You have to be aware of them so you dont start doing that and dperessing yourself more than necessary. It is a tough road back if you add to it. 

get a healthy outlook by understanding these snealy little thoughts that bring you down even further than you would be


----------



## Scannerguard (Jan 26, 2010)

Oh, regarding the socioeconomic status and hers being raised and yours being lowered. . .that is a sucky thing to consider, I know.

A woman I dated once said, "Why is it every divorced father ends up in a trailer with a 1982 chevy pick-up?" lamenting I guess the choice of men on her plate, lol.

At one point, my ex-wife was pretty cozy with someone and they were talking about spending the rest of their lives together.
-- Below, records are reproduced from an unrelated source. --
lemma OOCF_orbit_repeats:
  assumes ex: "is_OOCF_expansion x e" and qi: "quadratic_irrational x"
  obtains n m where "n < m" "(OOCF_T ^^ n) x = (OOCF_T ^^ m) x"
proof -
  have x: "x \<notin> \<rat>" using qi unfolding quadratic_irrational_def by blast
  obtain A B C s where r: "quadratic_roots A B C x s" using quadratic_irrational_has_conjugate[OF qi] .
  define ss where "ss = mob_orbit (\<lambda>i. e (Suc i)) s"
  define \<Delta> where "\<Delta> = B^2 - 4*A*C"
  define box where "box = {-\<Delta>..\<Delta>} \<times> {-\<Delta>..\<Delta>} \<times> {-\<Delta>..\<Delta>}"
  define R where "R n t = (case t of (A', B', C') \<Rightarrow> quadratic_roots A' B' C' ((OOCF_T ^^ n) x) (ss n))"
    for n t
  obtain n0 where neg: "\<And>n. n \<ge> n0 \<Longrightarrow> ss n < 0"
    using conjugate_orbit_eventually_neg[OF ex r x] ss_def by blast
  have pos: "(OOCF_T ^^ n) x > 0" for n using OOCF_orbit_pos[OF ex x] .
  have "\<exists>t\<in>box. R n t" if "n \<in> {n0..}" for n
  proof -
    obtain A' B' C' where r': "quadratic_roots A' B' C' ((OOCF_T ^^ n) x) (ss n)" "B'^2 - 4*A'*C' = \<Delta>"
      using conjugate_orbit_roots[OF ex r x, of n] by (auto simp: ss_def \<Delta>_def)
    have "ss n < 0" using neg that by simp
    then have "(A', B', C') \<in> box"
      using quadratic_roots_coeffs_le_discriminant[OF r'(1) pos] r'(2) unfolding box_def by auto
    then show ?thesis using r'(1) unfolding R_def by blast
  qed
  moreover have "finite box" by (simp add: box_def)
  ultimately obtain t where inf: "infinite {n \<in> {n0..}. R n t}"
    using pigeonhole_infinite_rel[of "{n0..}" box R] infinite_Ici[of n0] by blast
  obtain n where n: "n \<in> {n \<in> {n0..}. R n t}" using infinite_imp_nonempty[OF inf] by blast
  obtain m where m: "m \<in> {n \<in> {n0..}. R n t}" "\<not> m < Suc n"
    using inf unfolding finite_nat_set_iff_bounded by blast
  obtain A' B' C' where t: "t = (A', B', C')" by (cases t)
  have "(OOCF_T ^^ n) x = (OOCF_T ^^ m) x"
  proof (rule quadratic_roots_positive_root_unique)
    show "quadratic_roots A' B' C' ((OOCF_T ^^ n) x) (ss n)" "quadratic_roots A' B' C' ((OOCF_T ^^ m) x) (ss m)"
      using n m(1) t unfolding R_def by simp_all
    show "ss n < 0" "ss m < 0" using n m(1) neg by simp_all
  qed (rule pos)+
  moreover have "n < m" using m(2) by simp
  ultimately show ?thesis using that by blast
qed

lemma eventually_periodic_if_orbit_repeats:
  assumes ex: "is_OOCF_expansion x e" and x: "x \<notin> \<rat>"
    and nm: "n < m" "(OOCF_T ^^ n) x = (OOCF_T ^^ m) x"
  shows "eventually_periodic e"
proof -
  have "(OOCF_T ^^ (n + j)) x = (OOCF_T ^^ (m + j)) x" for j
    using nm(2) by (simp add: funpow_add add.commute[of _ j])
  then have "e (Suc (n + j)) = e (Suc (m + j))" for j
    using OOCF_digit_unique[OF is_OOCF_expansionD(1)[OF ex] is_OOCF_expansionD(1)[OF ex]
        is_OOCF_expansionD(2)[OF ex] _ OOCF_orbit_irrational[OF ex x]]
      is_OOCF_expansionD(2)[OF ex, of "m + j"] by metis
  moreover have "k = Suc (n + (k - Suc n))" "k + (m - n) = Suc (m + (k - Suc n))" if "k \<ge> Suc n" for k
    using that nm(1) by simp_all
  ultimately have "e (k + (m - n)) = e k" if "k \<ge> Suc n" for k
    using that by (metis (no_types))
  then show ?thesis using nm(1) unfolding eventually_periodic_def by (metis zero_less_diff)
qed

lemma eventually_periodic_if_quadratic_irrational:
  assumes "is_OOCF_expansion x e" "quadratic_irrational x"
  shows "eventually_periodic e"
proof -
  obtain n m where "n < m" "(OOCF_T ^^ n) x = (OOCF_T ^^ m) x" using OOCF_orbit_repeats[OF assms] .
  moreover have "x \<notin> \<rat>" using assms(2) unfolding quadratic_irrational_def by blast
  ultimately show ?thesis using eventually_periodic_if_orbit_repeats[OF assms(1)] by blast
qed

theorem theorem1p2:
  shows "(\<forall>x e. x \<in> {0..1} \<and> is_OOCF_expansion x e \<and> eventually_periodic e
            \<longrightarrow> inf_rational x \<or> quadratic_irrational x)
       \<and> (\<forall>x e. x \<in> {0<..<1} \<and> quadratic_irrational x \<and> is_OOCF_expansion x e
            \<longrightarrow> eventually_periodic e)"
  using inf_rational_if_expansion quadratic_irrational_if_periodic
    eventually_periodic_if_quadratic_irrational by blast

end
I had to consider this guy may move into my old house, with my family. It really stuck in my craw to think I would be paying child support and they would get a double income household. . .but at the same time, I realized that the child support was for "my children", not his.

Even my kids (older 2) though once confided to me unsolicited BTW that it somehow seems unfair. I didn't show any sign of it being unfair. I told them, "No, child support is determined to be for you, not for mom." (which IS the truth)

You will have to re-examine what's important to you and be flexible what role you may assume in your kid's life as your father.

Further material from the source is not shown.